Challenge #097.2: Binary Substrings

You are given a binary string $B and an integer $S.

Write a script to split the binary string $B of size $S and then find the minimum number of flips required to make it all the same.

Example 1:
Input: $B = “101100101”, $S = 3
Output: 1

Binary Substrings:
    "101": 0 flip
    "100": 1 flip to make it "101"
    "101": 0 flip
Example 2:
Input $B = “10110111”, $S = 4
Output: 2

Binary Substrings:
    "1011": 0 flip
    "0111": 2 flips to make it "1011"

We start by chopping off 3-character chunks of the binary string from the first example.

> say "101100101".comb(3);   # -> (101 100 101)
> say "1011001010".comb(3);  # -> (101 100 101 0)

The second line shows what happens if the length does not match. That gives us an illegal value, as we cannot flip a single digit into a three digit value. So we have to add a check for that.

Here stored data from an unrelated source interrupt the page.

(* Let $M,N\ge1$ be integers, $\mathbf G\in\mathbb C^{N\times M}$, $\mathbf h_{\mathrm d}\in\mathbb C^M$, $\mathbf h_{\mathrm r}\in\mathbb C^N$, $P_0>0$, $\Gamma>0$, $\sigma^2>0$. For $\mathbf v\in\mathbb C^N$ let $\mathbf\Phi=\mathrm{diag}(\mathbf v)$ and $\mathbf h(\mathbf v)=\mathbf h_{\mathrm d}+\mathbf G^H\mathbf\Phi^H\mathbf h_{\mathrm r}$. For a positive semidefinite $\mathbf R\in\mathbb C^{M\times M}$ let $f(\mathbf R)=\mathrm{tr}\big((\mathbf G\mathbf R\mathbf G^H)^{-1}\big)$ when $\mathbf G\mathbf R\mathbf G^H$ is invertible, and $f(\mathbf R)=+\infty$ otherwise. Consider (single user, $K=1$): (P1): minimize $f(\mathbf w\mathbf w^H+\mathbf R_0)$ over $\mathbf w\in\mathbb C^M$, Hermitian $\mathbf R_0\in\mathbb C^{M\times M}$, and $\mathbf v\in\mathbb C^N$, subject to $\frac{|\mathbf h(\mathbf v)^H\mathbf w|^2}{\mathbf h(\mathbf v)^H\mathbf R_0\mathbf h(\mathbf v)+\sigma^2}\ge\Gamma$, $\|\mathbf w\|^2+\mathrm{tr}(\mathbf R_0)\le P_0$, $\mathbf R_0\succeq\mathbf 0$, and $|v_n|=1$ for all $n=1,\dots,N$; (P2): the same problem with the SINR constraint replaced by $\frac{|\mathbf h(\mathbf v)^H\mathbf w|^2}{\sigma^2}\ge\Gamma$. Then the optimal values of (P1) and (P2) are identical.
   Context: Setting: an IRS-enabled integrated sensing and communication system with a base station of $M$ antennas, an IRS with $N$ unit-modulus reflecting elements (reflection vector $\mathbf v$), and one single-antenna user. $\mathbf h_{\mathrm d}^H$ is the base-station-to-user channel, $\mathbf h_{\mathrm r}^H$ the IRS-to-user channel, $\mathbf G$ the base-station-to-IRS channel, $\mathbf w$ the information beamformer, $\mathbf R_0$ the dedicated sensing-signal covariance. (P1) corresponds to a user that cannot cancel sensing-signal interference, (P2) to one that can. The objective is (up to a positive constant) the Cramér-Rao bound for estimating the target response matrix with respect to the IRS. *)

theory Defs
  imports "HOL-Analysis.Analysis"
begin

text \<open>Complex matrices are rendered as complex^'c^'r (rows indexed by 'r);
  the dimensions M and N are the cardinalities of finite index types.\<close>

definition cadj :: "complex^'c^'r \<Rightarrow> complex^'r^'c" where
  "cadj A = (\<chi> i j. cnj (A $ j $ i))"

definition cdiag :: "complex^'n \<Rightarrow> complex^'n^'n" where
  "cdiag v = (\<chi> i j. if i = j then v $ i else 0)"

definition cinner_h :: "complex^'n \<Rightarrow> complex^'n \<Rightarrow> complex" where
  "cinner_h x y = (\<Sum>i\<in>UNIV. cnj (x $ i) * y $ i)"

definition couter :: "complex^'n \<Rightarrow> complex^'n^'n" where
  "couter w = (\<chi> i j. w $ i * cnj (w $ j))"

definition hermitian :: "complex^'n^'n \<Rightarrow> bool" where
  "hermitian R \<longleftrightarrow> cadj R = R"

definition psd :: "complex^'n^'n \<Rightarrow> bool" where
  "psd R \<longleftrightarrow> hermitian R \<and> (\<forall>x. 0 \<le> Re (cinner_h x (R *v x)))"

definition heff :: "complex^'m \<Rightarrow> complex^'m^'n \<Rightarrow> complex^'n \<Rightarrow> complex^'n \<Rightarrow> complex^'m" where
  "heff h_d G h_r v = h_d + cadj G *v (cadj (cdiag v) *v h_r)"

text \<open>CRB objective f(R) = tr((G R G^H)^{-1}), +infinity if not invertible.
  (The trace of the inverse of a Hermitian positive definite matrix is real.)\<close>
definition crb :: "complex^'m^'n \<Rightarrow> complex^'m^'m \<Rightarrow> ereal" where
  "crb G R = (if invertible (G ** R ** cadj G)
              then ereal (Re (trace (matrix_inv (G ** R ** cadj G)))) else \<infinity>)"

definition common_feas :: "real \<Rightarrow> complex^'m \<Rightarrow> complex^'m^'m \<Rightarrow> complex^'n \<Rightarrow> bool" where
  "common_feas P0 w R0 v \<longleftrightarrow>
     hermitian R0 \<and> (norm w)\<^sup>2 + Re (trace R0) \<le> P0 \<and> psd R0 \<and> (\<forall>n. cmod (v $ n) = 1)"

definition feas_P1 :: "complex^'m \<Rightarrow> complex^'m^'n \<Rightarrow> complex^'n \<Rightarrow> real \<Rightarrow> real \<Rightarrow> real
    \<Rightarrow> complex^'m \<Rightarrow> complex^'m^'m \<Rightarrow> complex^'n \<Rightarrow> bool" where
  "feas_P1 h_d G h_r P0 \<Gamma> \<sigma>2 w R0 v \<longleftrightarrow>
     (let h = heff h_d G h_r v in
       (cmod (cinner_h h w))\<^sup>2 / (Re (cinner_h h (R0 *v h)) + \<sigma>2) \<ge> \<Gamma>)
     \<and> common_feas P0 w R0 v"

definition feas_P2 :: "complex^'m \<Rightarrow> complex^'m^'n \<Rightarrow> complex^'n \<Rightarrow> real \<Rightarrow> real \<Rightarrow> real
    \<Rightarrow> complex^'m \<Rightarrow> complex^'m^'m \<Rightarrow> complex^'n \<Rightarrow> bool" where
  "feas_P2 h_d G h_r P0 \<Gamma> \<sigma>2 w R0 v \<longleftrightarrow>
     (let h = heff h_d G h_r v in (cmod (cinner_h h w))\<^sup>2 / \<sigma>2 \<ge> \<Gamma>)
     \<and> common_feas P0 w R0 v"

text \<open>Optimal values (infimum in the extended reals; +infinity if infeasible).\<close>
definition opt_P1 :: "complex^'m \<Rightarrow> complex^'m^'n \<Rightarrow> complex^'n \<Rightarrow> real \<Rightarrow> real \<Rightarrow> real \<Rightarrow> ereal" where
  "opt_P1 h_d G h_r P0 \<Gamma> \<sigma>2 =
     Inf {crb G (couter w + R0) | w R0 v. feas_P1 h_d G h_r P0 \<Gamma> \<sigma>2 w R0 v}"

definition opt_P2 :: "complex^'m \<Rightarrow> complex^'m^'n \<Rightarrow> complex^'n \<Rightarrow> real \<Rightarrow> real \<Rightarrow> real \<Rightarrow> ereal" where
  "opt_P2 h_d G h_r P0 \<Gamma> \<sigma>2 =
     Inf {crb G (couter w + R0) | w R0 v. feas_P2 h_d G h_r P0 \<Gamma> \<sigma>2 w R0 v}"
(* There is $\varepsilon_0>0$ such that for every $\varepsilon$ with $0<\varepsilon<\varepsilon_0$, every even $m\geq 2$ and every odd $l\geq 1$, Challenger has a winning strategy in the game $\Gamma_{\mathrm{OP}}(\mathbb M_l,\mathbb M_m,6,\varepsilon)$.
   Context: $\mathbb M_m$ denotes the algebra of complex $m\times m$ matrices with matrix multiplication, addition, scalar multiplication and adjoint $a^*$ (conjugate transpose); $1_m$ is the identity matrix. For a vector $\xi=(x_1,\dots,x_m)\in\mathbb C^m$, $\|\xi\|=\sqrt{\sum_i|x_i|^2}$, and the operator norm of $a\in\mathbb M_m$ is $\|a\|_{\mathrm{OP}}=\sup\{\|a\xi\|:\|\xi\|=1\}$. For $l,m,n\geq 1$ and $\varepsilon>0$, the game $\Gamma_{\mathrm{OP}}(\mathbb M_l,\mathbb M_m,n,\varepsilon)$ between Challenger and Duplicator lasts $n$ innings: in each inning Challenger chooses a matrix $x$ with $\|x\|_{\mathrm{OP}}\leq 1$ in one of $\mathbb M_l$, $\mathbb M_m$, and Duplicator responds with a matrix $x$ with $\|x\|_{\mathrm{OP}}\leq 1$ in the other algebra; thus in inning $j$ matrices $a_j\in\mathbb M_l$ and $b_j\in\mathbb M_m$ are determined (repetitions are allowed). After $n$ innings Duplicator wins iff for all $i,j,k\leq n$ and all complex numbers $y,z$ with $\max(|y|,|z|)\leq 1$, each of the quantities $\big|\|a_i\|_{\mathrm{OP}}-\|b_i\|_{\mathrm{OP}}\big|$, $\big|\|a_ia_j-a_k\|_{\mathrm{OP}}-\|b_ib_j-b_k\|_{\mathrm{OP}}\big|$, $\big|\|ya_i+za_j-a_k\|_{\mathrm{OP}}-\|yb_i+zb_j-b_k\|_{\mathrm{OP}}\big|$ and $\big|\|a_i^*-a_j\|_{\mathrm{OP}}-\|b_i^*-b_j\|_{\mathrm{OP}}\big|$ is at most $\varepsilon$; otherwise Challenger wins. A winning strategy for a player is a rule specifying that player's moves as a function of previous moves such that the player wins regardless of the opponent's play. *)

theory Defs
  imports Complex_Main "Jordan_Normal_Form.Schur_Decomposition"
begin

definition vnorm :: "complex vec \<Rightarrow> real" where
  "vnorm x = sqrt (\<Sum>i<dim_vec x. (cmod (x $ i))^2)"

definition op_norm :: "complex mat \<Rightarrow> real" where
  "op_norm a = Sup {vnorm (a *\<^sub>v x) | x. x \<in> carrier_vec (dim_col a) \<and> vnorm x = 1}"

definition unit_ball :: "nat \<Rightarrow> complex mat set" where
  "unit_ball n = {x. x \<in> carrier_mat n n \<and> op_norm x \<le> 1}"

text \<open>Winning condition for Duplicator on a finished play, given as the list
  of pairs (a_j, b_j), a_j in M_l, b_j in M_m.\<close>
definition duplicator_wins :: "real \<Rightarrow> (complex mat \<times> complex mat) list \<Rightarrow> bool" where
  "duplicator_wins \<epsilon> p \<longleftrightarrow>
     (\<forall>i<length p. \<forall>j<length p. \<forall>k<length p. \<forall>y z :: complex.
        max (cmod y) (cmod z) \<le> 1 \<longrightarrow>
        (let ai = fst (p!i); aj = fst (p!j); ak = fst (p!k);
             bi = snd (p!i); bj = snd (p!j); bk = snd (p!k) in
         \<bar>op_norm ai - op_norm bi\<bar> \<le> \<epsilon> \<and>
         \<bar>op_norm (ai * aj - ak) - op_norm (bi * bj - bk)\<bar> \<le> \<epsilon> \<and>
         \<bar>op_norm (y \<cdot>\<^sub>m ai + z \<cdot>\<^sub>m aj - ak) - op_norm (y \<cdot>\<^sub>m bi + z \<cdot>\<^sub>m bj - bk)\<bar> \<le> \<epsilon> \<and>
         \<bar>op_norm (mat_adjoint ai - aj) - op_norm (mat_adjoint bi - bj)\<bar> \<le> \<epsilon>))"

text \<open>A Challenger strategy maps the history of previous innings to a move:
  (True, x) means Challenger plays x in M_l, (False, x) means x in M_m.\<close>
type_synonym strategy = "(complex mat \<times> complex mat) list \<Rightarrow> bool \<times> complex mat"

definition legal_challenger_strategy :: "nat \<Rightarrow> nat \<Rightarrow> strategy \<Rightarrow> bool" where
  "legal_challenger_strategy l m \<sigma> \<longleftrightarrow>
     (\<forall>h. snd (\<sigma> h) \<in> unit_ball (if fst (\<sigma> h) then l else m))"

definition consistent_play :: "nat \<Rightarrow> nat \<Rightarrow> nat \<Rightarrow> strategy \<Rightarrow> (complex mat \<times> complex mat) list \<Rightarrow> bool" where
  "consistent_play l m n \<sigma> p \<longleftrightarrow> length p = n \<and>
     (\<forall>j<n. let (side, x) = \<sigma> (take j p) in
        (if side then fst (p!j) = x \<and> snd (p!j) \<in> unit_ball m
                 else snd (p!j) = x \<and> fst (p!j) \<in> unit_ball l))"

definition challenger_wins_game :: "nat \<Rightarrow> nat \<Rightarrow> nat \<Rightarrow> real \<Rightarrow> bool" where
  "challenger_wins_game l m n \<epsilon> \<longleftrightarrow>
     (\<exists>\<sigma>. legal_challenger_strategy l m \<sigma> \<and>
        (\<forall>p. consistent_play l m n \<sigma> p \<longrightarrow> \<not> duplicator_wins \<epsilon> p))"

end

theory Submission
  imports Defs "HOL-Analysis.L2_Norm"
begin
(* Let $\gamma:[0,l]\times[0,w)\to E_1^4$, $(s,t)\mapsto\gamma(s,t)$, be a smooth inextensible one-parameter family of partially null curves in $E_1^4$ parametrized by arclength ($\|\partial\gamma/\partial s\|\equiv1$), with Frenet frame $\{T,N,B_1,B_2\}$, curvatures $k_1,k_2$ (and $k_3\equiv0$), and write $$\frac{\partial\gamma}{\partial t}=\beta_1T+\beta_2N+\beta_3B_1+\beta_4B_2$$ with smooth scalar functions $\beta_i$. Put $\psi_1=\langle\frac{\partial N}{\partial t},B_1\rangle$ and $\psi_3=\langle\frac{\partial B_1}{\partial t},B_2\rangle$. Then, at points where $\frac{\partial\beta_4}{\partial s}\neq0$, $$k_1=-\frac{\partial\psi_1/\partial s}{\partial\beta_4/\partial s},$$ and at points where $\psi_1\neq0$, $$k_2=\frac{1}{\psi_1}\frac{\partial\psi_3}{\partial s}.$$
   Context: $E_1^4$ is $\mathbb{R}^4$ with the Lorentzian metric $\langle x,y\rangle=-x_1y_1+x_2y_2+x_3y_3+x_4y_4$ and $\|x\|=\sqrt{|\langle x,x\rangle|}$. A partially null curve is a spacelike curve whose first binormal is a null vector. For such a curve parametrized by arclength $s$, its Frenet frame $\{T,N,B_1,B_2\}$ ($T=\partial\gamma/\partial s$) satisfies $\langle T,T\rangle=\langle N,N\rangle=1$, $\langle B_1,B_1\rangle=\langle B_2,B_2\rangle=0$, $\langle B_1,B_2\rangle=1$, all other inner products zero, and the Frenet equations $T'=k_1N$, $N'=-k_1T+k_2B_1$, $B_1'=k_3B_1$, $B_2'=-k_2N-k_3B_2$, with $k_3\equiv0$. In the family, each $s\mapsto\gamma(s,t)$ is such a curve and frame and curvatures are smooth in $(s,t)$. The flow is inextensible if $\frac{\partial}{\partial t}\|\partial\gamma/\partial u\|=0$. *)

theory Defs
  imports "HOL-Analysis.Analysis"
begin

definition lor :: "real^4 \<Rightarrow> real^4 \<Rightarrow> real" where
  "lor x y = - x$1 * y$1 + x$2 * y$2 + x$3 * y$3 + x$4 * y$4"

definition lnorm :: "real^4 \<Rightarrow> real" where
  "lnorm x = sqrt \<bar>lor x x\<bar>"

definition pd_s :: "(real \<times> real \<Rightarrow> 'a::real_normed_vector) \<Rightarrow> real \<times> real \<Rightarrow> 'a" where
  "pd_s F p = vector_derivative (\<lambda>s. F (s, snd p)) (at (fst p))"

definition pd_t :: "(real \<times> real \<Rightarrow> 'a::real_normed_vector) \<Rightarrow> real \<times> real \<Rightarrow> 'a" where
  "pd_t F p = vector_derivative (\<lambda>t. F (fst p, t)) (at (snd p))"

fun Ck_on :: "nat \<Rightarrow> (real \<times> real) set \<Rightarrow> (real \<times> real \<Rightarrow> 'a::real_normed_vector) \<Rightarrow> bool" where
  "Ck_on 0 U F = continuous_on U F"
| "Ck_on (Suc k) U F =
     (continuous_on U F \<and>
      (\<forall>p\<in>U. (\<lambda>s. F (s, snd p)) differentiable (at (fst p)) \<and>
              (\<lambda>t. F (fst p, t)) differentiable (at (snd p))) \<and>
      Ck_on k U (pd_s F) \<and> Ck_on k U (pd_t F))"

definition smooth_on :: "(real \<times> real) set \<Rightarrow> (real \<times> real \<Rightarrow> 'a::real_normed_vector) \<Rightarrow> bool" where
  "smooth_on U F \<longleftrightarrow> open U \<and> (\<forall>k. Ck_on k U F)"

end

theory Submission
  imports Defs
begin

text \<open>Differentiating in \<open>s\<close>
  and exchanging the order of the partial derivatives, the Frenet equations with \<open>k\<^sub>3 = 0\<close>
  (in particular \<open>B\<^sub>1\<^sub>s = 0\<close>) give \<open>\<partial>\<^sub>s\<psi>\<^sub>1 = \<langle>(N\<^sub>s)\<^sub>t, B\<^sub>1\<rangle> = -k\<^sub>1\<langle>T\<^sub>t, B\<^sub>1\<rangle>\<close> and
  \<open>\<partial>\<^sub>s\<psi>\<^sub>3 = \<langle>B\<^sub>1\<^sub>t, B\<^sub>2\<^sub>s\<rangle> = -k\<^sub>2\<langle>B\<^sub>1\<^sub>t, N\<rangle> = k\<^sub>2\<psi>\<^sub>1\<close>, where the \<open>t\<close>-derivatives of
  \<open>\<langle>B\<^sub>1, B\<^sub>1\<rangle> = 0\<close> and \<open>\<langle>N, B\<^sub>1\<rangle> = 0\<close> kill the remaining terms. Finally
  \<open>T\<^sub>t = \<partial>\<^sub>s\<gamma>\<^sub>t = \<partial>\<^sub>s(\<Sigma> \<beta>\<^sub>i X\<^sub>i)\<close>, and pairing with the null vector \<open>B\<^sub>1\<close> leaves only
  \<open>\<langle>T\<^sub>t, B\<^sub>1\<rangle> = \<partial>\<^sub>s\<beta>\<^sub>4\<close>.\<close>

lemma smooth_on_open: "smooth_on U F \<Longrightarrow> open U"
  unfolding smooth_on_def by blast

lemma smooth_on_continuous_on: "smooth_on U F \<Longrightarrow> continuous_on U F"
  unfolding smooth_on_def using Ck_on.simps(1) by blast

lemma smooth_onD:
  assumes "smooth_on U F"
  shows "continuous_on U F"
    and "\<forall>p\<in>U. (\<lambda>s. F (s, snd p)) differentiable (at (fst p)) \<and> (\<lambda>t. F (fst p, t)) differentiable (at (snd p))"
    and "Ck_on k U (pd_s F)" "Ck_on k U (pd_t F)"
  using assms unfolding smooth_on_def by (metis Ck_on.simps(2))+

lemma smooth_on_pd_s: "smooth_on U F \<Longrightarrow> smooth_on U (pd_s F)"
  and smooth_on_pd_t: "smooth_on U F \<Longrightarrow> smooth_on U (pd_t F)"
  using smooth_onD(3,4) smooth_on_open unfolding smooth_on_def by blast+

lemma smooth_on_has_vector_derivative_pd_s:
  assumes "smooth_on U F" "(s, t) \<in> U"
  shows "((\<lambda>\<sigma>. F (\<sigma>, t)) has_vector_derivative pd_s F (s, t)) (at s)"
  using smooth_onD(2)[OF assms(1)] assms(2) unfolding pd_s_def
  by (fastforce simp: vector_derivative_works)

lemma smooth_on_has_vector_derivative_pd_t:
  assumes "smooth_on U F" "(s, t) \<in> U"
  shows "((\<lambda>\<tau>. F (s, \<tau>)) has_vector_derivative pd_t F (s, t)) (at t)"
  using smooth_onD(2)[OF assms(1)] assms(2) unfolding pd_t_def
  by (fastforce simp: vector_derivative_works)
(* Let $\Lambda$ be a row-finite $k$-graph with no sources and $R$ a commutative ring with $1$. Let $(\alpha,\beta)\in\Sigma$ and $x\in\mathfrak{T}_\Lambda$. (a) If $x\notin F_{\alpha,\beta}$, then there exist $\mu,\nu\in\Lambda$ such that $x\in Z(\mu)\cap Z(\nu)$ and $s_\mu s_{\mu^*}s_\alpha s_{\beta^*}s_\nu s_{\nu^*}=0$ in ${\rm KP}_R(\Lambda)$. (b) If $x\in F_{\alpha,\beta}$, then there exists $\gamma\in\Lambda$ with $x\in Z(\alpha\gamma)\cap Z(\beta\gamma)$, $s_{\alpha\gamma}s_{(\alpha\gamma)^*}s_\alpha s_{\beta^*}s_{\beta\gamma}s_{(\beta\gamma)^*}=s_{\alpha\gamma}s_{(\beta\gamma)^*}$, and $(\alpha\gamma,\beta\gamma)$ a cycline pair.
   Context: A $k$-graph is a countable category $\Lambda$ (vertices $\Lambda^0$, paths, maps $r,s$) with a degree functor $d:\Lambda\to\mathbb{N}^k$ satisfying unique factorization: if $d(\lambda)=m+n$ there are unique $\mu,\nu$ with $s(\mu)=r(\nu)$, $d(\mu)=m,d(\nu)=n$, $\lambda=\mu\nu$. $v\Lambda=\{\lambda:r(\lambda)=v\}$, $v\Lambda^n$ those of degree $n$; row-finite with no sources means each $v\Lambda^n$ is finite and nonempty. ${\rm KP}_R(\Lambda)$ is the universal $R$-algebra generated by $p_v$ ($v\in\Lambda^0$), $s_\lambda,s_{\lambda^*}$ ($d(\lambda)\ne0$) with relations (KP1) $p_v$ mutually orthogonal idempotents; (KP2) $s_\lambda s_\mu=s_{\lambda\mu}$, $s_{\mu^*}s_{\lambda^*}=s_{(\lambda\mu)^*}$, $p_{r(\lambda)}s_\lambda=s_\lambda=s_\lambda p_{s(\lambda)}$, $p_{s(\lambda)}s_{\lambda^*}=s_{\lambda^*}=s_{\lambda^*}p_{r(\lambda)}$ when $r(\mu)=s(\lambda)$; (KP3) $s_{\lambda^*}s_\mu=\delta_{\lambda,\mu}p_{s(\lambda)}$ when $d(\lambda)=d(\mu)$; (KP4) $p_v=\sum_{\lambda\in v\Lambda^n}s_\lambda s_{\lambda^*}$ for $n\ne0$. Convention $s_v=s_{v^*}=p_v$. A pair $(\alpha,\beta)$ with $s(\alpha)=s(\beta)$ is cycline if $s_{\alpha\gamma}s_{(\alpha\gamma)^*}=s_{\beta\gamma}s_{(\beta\gamma)^*}$ for all $\gamma\in s(\alpha)\Lambda$. Let $\Omega_k$ be the $k$-graph with objects $\mathbb{N}^k$, morphisms $\{(p,q):p\le q\}$, $r(p,q)=p$, $s(p,q)=q$, $(p,q)(q,t)=(p,t)$, $d(p,q)=q-p$. An infinite path is a degree-preserving functor $x:\Omega_k\to\Lambda$; $\Lambda^\infty$ is the set of infinite paths. For $\mu\in\Lambda$, $Z(\mu)=\{x\in\Lambda^\infty: x(0,d(\mu))=\mu\}$; these cylinder sets form a basis of compact open sets for a Hausdorff topology on $\Lambda^\infty$. For $p\in\mathbb{N}^k$, $\sigma^p:\Lambda^\infty\to\Lambda^\infty$ is $\sigma^p(x)(m,n)=x(m+p,n+p)$. Let $\Sigma=\{(\alpha,\beta)\in\Lambda\times\Lambda: s(\alpha)=s(\beta),\ \alpha\ne\beta\}$; for $(\alpha,\beta)\in\Sigma$ let $F_{\alpha,\beta}=\{x\in Z(\alpha)\cap Z(\beta): \sigma^{d(\alpha)}(x)=\sigma^{d(\beta)}(x)\}$. The set of regular paths is $\mathfrak{T}_\Lambda=\Lambda^\infty\setminus\bigcup_{(\alpha,\beta)\in\Sigma}\partial F_{\alpha,\beta}$, where $\partial$ denotes topological boundary. *)

theory Defs
  imports "HOL-Analysis.Analysis" "HOL-Library.Function_Algebras"
begin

Then we compare the first substring with the rest of them, one at a time. Using the bitwise XOR (Exclusive OR) operator is a logical choice here. That gives us a binary value, where the number of 1s is the number of flips on that substring. Raku does indeed have an XOR operator: +^. But it «coerces both arguments to Int and does a bitwise XOR operation» (according to the documentation»; see docs.raku.org/language/operators#infix_+^).

We can get around that be converting the binary value to a decimal value, before applying the XOR. Let us try:

Obtaining the number of flips:

> say ("10101".parse-base(2) +^ "10111".parse-base(2)).base(2).comb.sum;  # -> 1
> say ("11101".parse-base(2) +^ "10111".parse-base(2)).base(2).comb.sum;  # -> 2

This certainly works, but it requires a lot of code. So I'll use a much simpler approach - comparing each digit, one by one.

File: binary-substring
#! /usr/bin/env raku

subset BinaryString where /^ <[01]>+ $/;                    # [1]
subset PosInt of Int where * > 0;                           # [2]

unit sub MAIN (BinaryString $B = '101100101',               # [1]
               PosInt $S where $B.chars %% $S = 3,          # [2]
	       :v(:$verbose));

my @B     = $B.comb($S.Int);                                # [3]
my $first = @B.shift;                                       # [4]
my $total = 0;                                              # [5]

for @B -> $current                                          # [6]
{
  my $flip = bit-diff($first, $current);                    # [7]
  $total += $flip;                                          # [8]
  say ": $first -> $current -> Flip: $flip" if $verbose;
}

say $total;                                                 # [9]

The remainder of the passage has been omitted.